| ACTION ITEM |
Among the entries below, please repeat exactly and only the lines from the line containing "using that \<tau> by" to the line containing "using psi_uniformly_small[OF assms(8,9)", both lines included.

RECORDED INFORMATION below:

(* Let $p\geq1$ and $A>0$. Let $\rho(\tau)$ be the covariance function of a centered stationary random process, and suppose $\rho$ is continuous and $\rho(T)\to0$ as $T\to\infty$. For $T>0$ and $\tau\in[0,A]$ put \[ \psi(T,\tau)=\frac{2}{T^2}\int_0^{T}(T-u)\bigl(\rho^2(u)+\rho(u+\tau)\rho(u-\tau)\bigr)\,du, \qquad C_p=C_p(T)=\int_0^{A}\bigl(\psi(T,\tau)\bigr)^{p/2}\,d\tau . \] Then $C_p\to0$ as $T\to\infty$.
   Context: The covariance function $\rho$ of a stationary process is an even function defined on all of $\mathbb{R}$. *)

theory Defs
  imports "HOL-Probability.Probability"
begin

definition psi :: "(real \<Rightarrow> real) \<Rightarrow> real \<Rightarrow> real \<Rightarrow> real" where
  "psi \<rho> T \<tau> = 2 / T\<^sup>2 * integral {0..T}
      (\<lambda>u. (T - u) * ((\<rho> u)\<^sup>2 + \<rho> (u + \<tau>) * \<rho> (u - \<tau>)))"

definition C_p :: "(real \<Rightarrow> real) \<Rightarrow> real \<Rightarrow> real \<Rightarrow> real \<Rightarrow> real" where
  "C_p \<rho> p A T = integral {0..A} (\<lambda>\<tau>. (psi \<rho> T \<tau>) powr (p / 2))"

end

theory Submission
  imports Defs
begin

text \<open>Since \<open>\<rho>\<close> is bounded and tends to 0, the integrand of \<open>psi \<rho> T \<tau>\<close> is bounded by a constant
  on a fixed initial interval \<open>[0, L]\<close> and is uniformly small beyond it. The kernel \<open>T - u\<close> is at
  most \<open>T\<close>, so \<open>psi \<rho> T \<tau>\<close> is at most \<open>O(L/T)\<close> plus twice that small bound, uniformly in
  \<open>\<tau> \<in> [0, A]\<close>; hence so is \<open>psi\<^sup>p\<^sup>/\<^sup>2\<close>, and its integral over \<open>[0, A]\<close> tends to 0.\<close>

lemma continuous_tendsto_bounded_atLeast:
  fixes f :: "real \<Rightarrow> real"
  assumes "continuous_on UNIV f" and "(f \<longlongrightarrow> c) at_top"
  obtains B where "\<And>x. x \<ge> a \<Longrightarrow> \<bar>f x\<bar> \<le> B"
proof -
  obtain N where N: "\<And>x. x \<ge> N \<Longrightarrow> \<bar>f x - c\<bar> \<le> 1"
    using assms(2)[THEN tendstoD, of 1] by (force simp: eventually_at_top_linorder dist_real_def)
  have "bounded (f ` {a..N})"
    by (intro compact_imp_bounded compact_continuous_image continuous_on_subset[OF assms(1)]) auto
  then obtain B' where B': "\<And>x. x \<in> {a..N} \<Longrightarrow> \<bar>f x\<bar> \<le> B'"
    unfolding bounded_iff by (metis image_eqI real_norm_def)
  show ?thesis
  proof (rule that[of "max B' (\<bar>c\<bar> + 1)"])
    fix x assume "x \<ge> a"
    show "\<bar>f x\<bar> \<le> max B' (\<bar>c\<bar> + 1)"
    proof (cases "x \<le> N")
      case True then show ?thesis using B'[of x] \<open>x \<ge> a\<close> by auto
    next
      case False then show ?thesis using N[of x] by auto
    qed
  qed
qed

lemma abs_square_add_mult_le:
  fixes x y z K :: real
  assumes "\<bar>x\<bar> \<le> K" "\<bar>y\<bar> \<le> K" "\<bar>z\<bar> \<le> K"
  shows "\<bar>x\<^sup>2 + y * z\<bar> \<le> 2 * K\<^sup>2"
proof -
  have "\<bar>x\<^sup>2\<bar> \<le> K\<^sup>2"
    using assms(1) by (metis abs_ge_zero abs_power2 power2_abs power_mono)
  moreover have "\<bar>y * z\<bar> \<le> K * K"
    unfolding abs_mult using assms(2,3) by (intro mult_mono) auto
  ultimately show ?thesis
    using abs_triangle_ineq[of "x\<^sup>2" "y * z"] by (simp add: power2_eq_square)
qed

text \<open>No integrability is needed: a non-integrable function has integral 0.\<close>

lemma abs_integral_le_bound:
  fixes f :: "real \<Rightarrow> real"
  assumes "a \<le> b" and "\<And>x. x \<in> {a..b} \<Longrightarrow> \<bar>f x\<bar> \<le> K"
  shows "\<bar>integral {a..b} f\<bar> \<le> K * (b - a)"
proof -
  have "K \<ge> 0" using assms(2)[of a] \<open>a \<le> b\<close> by auto
  show ?thesis
  proof (cases "f integrable_on {a..b}")
    case True
    then show ?thesis
      using has_integral_bound[of K f "integral {a..b} f" a b] \<open>K \<ge> 0\<close> assms
      by (simp add: integrable_integral)
  next
    case False
    then show ?thesis using \<open>K \<ge> 0\<close> assms by (simp add: not_integrable_integral)
  qed
qed

lemma triangular_mean_bound:
  fixes g :: "real \<Rightarrow> real"
  assumes cont: "continuous_on {0..T} g" and L: "0 \<le> L" "L < T"
    and head: "\<And>u. u \<in> {0..L} \<Longrightarrow> \<bar>g u\<bar> \<le> B"
    and tail: "\<And>u. u \<in> {L..T} \<Longrightarrow> \<bar>g u\<bar> \<le> d"
  shows "\<bar>2 / T\<^sup>2 * integral {0..T} (\<lambda>u. (T - u) * g u)\<bar> \<le> 2 * B * L / T + 2 * d"
proof -
  define f where "f = (\<lambda>u. (T - u) * g u)"
  have T: "T > 0" using L by linarith
  have d: "d \<ge> 0" using tail[of T] L by auto
  have f_int: "f integrable_on {0..T}"
    unfolding f_def by (intro integrable_continuous_interval continuous_intros cont)
  have f_le: "\<bar>f u\<bar> \<le> T * K" if "u \<in> {0..T}" "\<bar>g u\<bar> \<le> K" for u K
    unfolding f_def abs_mult using that by (intro mult_mono) auto
  have "integral {0..T} f = integral {0..L} f + integral {L..T} f"
    using Henstock_Kurzweil_Integration.integral_combine[OF _ _ f_int, of L] L by simp
  moreover have "\<bar>integral {0..L} f\<bar> \<le> T * B * (L - 0)"
    using L head f_le by (intro abs_integral_le_bound) auto
  moreover have "\<bar>integral {L..T} f\<bar> \<le> T * d * (T - L)"
    using L tail f_le by (intro abs_integral_le_bound) auto
  moreover have "T * d * (T - L) \<le> T * d * T"
    using L T d by (intro mult_left_mono) auto
  ultimately have "\<bar>integral {0..T} f\<bar> \<le> T * B * L + T * d * T"
    by (smt (verit))
  then have "\<bar>2 / T\<^sup>2 * integral {0..T} f\<bar> \<le> 2 / T\<^sup>2 * (T * B * L + T * d * T)"
    by (simp add: abs_mult divide_right_mono)
  also have "\<dots> = 2 * B * L / T + 2 * d"
    using T by (simp add: field_simps power2_eq_square)
  finally show ?thesis unfolding f_def .
qed

lemma psi_uniformly_small:
  fixes \<rho> :: "real \<Rightarrow> real"
  assumes cont: "continuous_on UNIV \<rho>" and lim: "(\<rho> \<longlongrightarrow> 0) at_top" and "\<epsilon> > 0"
  shows "\<forall>\<^sub>F T in at_top. \<forall>\<tau>\<in>{0..A}. \<bar>psi \<rho> T \<tau>\<bar> \<le> \<epsilon>"
proof -
  obtain B where B: "\<And>x. x \<ge> -A \<Longrightarrow> \<bar>\<rho> x\<bar> \<le> B"
    using continuous_tendsto_bounded_atLeast[OF cont lim] by blast
  define d where "d = sqrt (\<epsilon> / 8)"
  have "d > 0" and d2: "2 * (2 * d\<^sup>2) = \<epsilon> / 2"
    using \<open>\<epsilon> > 0\<close> unfolding d_def by simp_all
  obtain N where N: "\<And>x. x \<ge> N \<Longrightarrow> \<bar>\<rho> x\<bar> \<le> d"
    using lim[THEN tendstoD, OF \<open>d > 0\<close>] by (force simp: eventually_at_top_linorder dist_real_def)
  define L where "L = max 0 (N + A)"
  have "L \<ge> 0" unfolding L_def by simp
  have "\<bar>psi \<rho> T \<tau>\<bar> \<le> \<epsilon>" if T: "T \<ge> max (L + 1) (8 * B\<^sup>2 * L / \<epsilon> + 1)"
    and \<tau>: "\<tau> \<in> {0..A}" for T \<tau>
  proof -
    have "T > 0" and "L < T" and "8 * B\<^sup>2 * L < \<epsilon> * T"
      using T \<open>L \<ge> 0\<close> \<open>\<epsilon> > 0\<close> by (auto simp: field_simps)
    have "\<bar>psi \<rho> T \<tau>\<bar> \<le> 2 * (2 * B\<^sup>2) * L / T + 2 * (2 * d\<^sup>2)"
      unfolding psi_def
    proof (rule triangular_mean_bound[OF _ \<open>L \<ge> 0\<close> \<open>L < T\<close>])
      show "continuous_on {0..T} (\<lambda>u. (\<rho> u)\<^sup>2 + \<rho> (u + \<tau>) * \<rho> (u - \<tau>))"
        by (intro continuous_intros continuous_on_compose2[OF cont]) auto
      show "\<bar>(\<rho> u)\<^sup>2 + \<rho> (u + \<tau>) * \<rho> (u - \<tau>)\<bar> \<le> 2 * B\<^sup>2" if "u \<in> {0..L}" for u
        using that \<tau> by (intro abs_square_add_mult_le B) auto
      show "\<bar>(\<rho> u)\<^sup>2 + \<rho> (u + \<tau>) * \<rho> (u - \<tau>)\<bar> \<le> 2 * d\<^sup>2" if "u \<in> {L..T}" for u
        using that \<tau> unfolding L_def by (intro abs_square_add_mult_le N) auto
    qed
    moreover have "2 * (2 * B\<^sup>2) * L / T \<le> \<epsilon> / 2"
      using \<open>T > 0\<close> \<open>8 * B\<^sup>2 * L < \<epsilon> * T\<close> by (simp add: field_simps)
    ultimately show ?thesis using d2 by linarith
  qed
  then show ?thesis
    unfolding eventually_at_top_linorder by blast
qed

theorem theorem4:
  fixes M :: "'a measure" and X :: "real \<Rightarrow> 'a \<Rightarrow> real"
    and \<rho> :: "real \<Rightarrow> real" and p A :: real
  assumes "p \<ge> 1" and "A > 0"
    and "prob_space M"
    and "\<And>t. X t \<in> borel_measurable M"
    and "\<And>t. integrable M (\<lambda>\<omega>. (X t \<omega>)\<^sup>2)"
    and "\<And>t. (\<integral>\<omega>. X t \<omega> \<partial>M) = 0"
    and "\<And>s t. (\<integral>\<omega>. X s \<omega> * X t \<omega> \<partial>M) = \<rho> (t - s)"
    and "continuous_on UNIV \<rho>"
    and "(\<rho> \<longlongrightarrow> 0) at_top"
  shows "((\<lambda>T. C_p \<rho> p A T) \<longlongrightarrow> 0) at_top"
proof (rule tendstoI)
  fix e :: real assume "e > 0"
  define \<epsilon> where "\<epsilon> = (e / (2 * A)) powr (2 / p)"
  have "\<epsilon> > 0" and \<epsilon>_powr: "\<epsilon> powr (p / 2) = e / (2 * A)"
    unfolding \<epsilon>_def using \<open>p \<ge> 1\<close> \<open>e > 0\<close> \<open>A > 0\<close> by (simp_all add: powr_powr)
  show "\<forall>\<^sub>F T in at_top. dist (C_p \<rho> p A T) 0 < e"
    using psi_uniformly_small[OF assms(8,9) \<open>\<epsilon> > 0\<close>, of A]
  proof eventually_elim
    case (elim T)
    have "\<bar>psi \<rho> T \<tau> powr (p / 2)\<bar> \<le> e / (2 * A)" if "\<tau> \<in> {0..A}" for \<tau>
    proof -
      \<comment> \<open>\<open>psi\<close> may be negative; the real \<open>ln\<close>, hence \<open>powr\<close>, is even in this library\<close>
      have "\<bar>psi \<rho> T \<tau> powr (p / 2)\<bar> = \<bar>psi \<rho> T \<tau>\<bar> powr (p / 2)"
        by (simp add: powr_def ln_real_def)
      also have "\<dots> \<le> \<epsilon> powr (p / 2)"
        using elim that \<open>p \<ge> 1\<close> by (intro powr_mono2) auto
      finally show ?thesis using \<epsilon>_powr by simp
    qed
    then have "\<bar>C_p \<rho> p A T\<bar> \<le> e / (2 * A) * (A - 0)"
      unfolding C_p_def using \<open>e > 0\<close> \<open>A > 0\<close> by (intro abs_integral_le_bound) auto
    also have "\<dots> < e" using \<open>e > 0\<close> \<open>A > 0\<close> by simp
    finally show ?case by simp
  qed
qed

end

End of RECORDED INFORMATION.

| RESULT FOR THIS EXERCISE |
        using that \<tau> by (intro abs_square_add_mult_le B) auto
      show "\<bar>(\<rho> u)\<^sup>2 + \<rho> (u + \<tau>) * \<rho> (u - \<tau>)\<bar> \<le> 2 * d\<^sup>2" if "u \<in> {L..T}" for u
        using that \<tau> unfolding L_def by (intro abs_square_add_mult_le N) auto
    qed
    moreover have "2 * (2 * B\<^sup>2) * L / T \<le> \<epsilon> / 2"
      using \<open>T > 0\<close> \<open>8 * B\<^sup>2 * L < \<epsilon> * T\<close> by (simp add: field_simps)
    ultimately show ?thesis using d2 by linarith
  qed
  then show ?thesis
    unfolding eventually_at_top_linorder by blast
qed

theorem theorem4:
  fixes M :: "'a measure" and X :: "real \<Rightarrow> 'a \<Rightarrow> real"
    and \<rho> :: "real \<Rightarrow> real" and p A :: real
  assumes "p \<ge> 1" and "A > 0"
    and "prob_space M"
    and "\<And>t. X t \<in> borel_measurable M"
    and "\<And>t. integrable M (\<lambda>\<omega>. (X t \<omega>)\<^sup>2)"
    and "\<And>t. (\<integral>\<omega>. X t \<omega> \<partial>M) = 0"
    and "\<And>s t. (\<integral>\<omega>. X s \<omega> * X t \<omega> \<partial>M) = \<rho> (t - s)"
    and "continuous_on UNIV \<rho>"
    and "(\<rho> \<longlongrightarrow> 0) at_top"
  shows "((\<lambda>T. C_p \<rho> p A T) \<longlongrightarrow> 0) at_top"
proof (rule tendstoI)
  fix e :: real assume "e > 0"
  define \<epsilon> where "\<epsilon> = (e / (2 * A)) powr (2 / p)"
  have "\<epsilon> > 0" and \<epsilon>_powr: "\<epsilon> powr (p / 2) = e / (2 * A)"
    unfolding \<epsilon>_def using \<open>p \<ge> 1\<close> \<open>e > 0\<close> \<open>A > 0\<close> by (simp_all add: powr_powr)
  show "\<forall>\<^sub>F T in at_top. dist (C_p \<rho> p A T) 0 < e"
    using psi_uniformly_small[OF assms(8,9) \<open>\<epsilon> > 0\<close>, of A]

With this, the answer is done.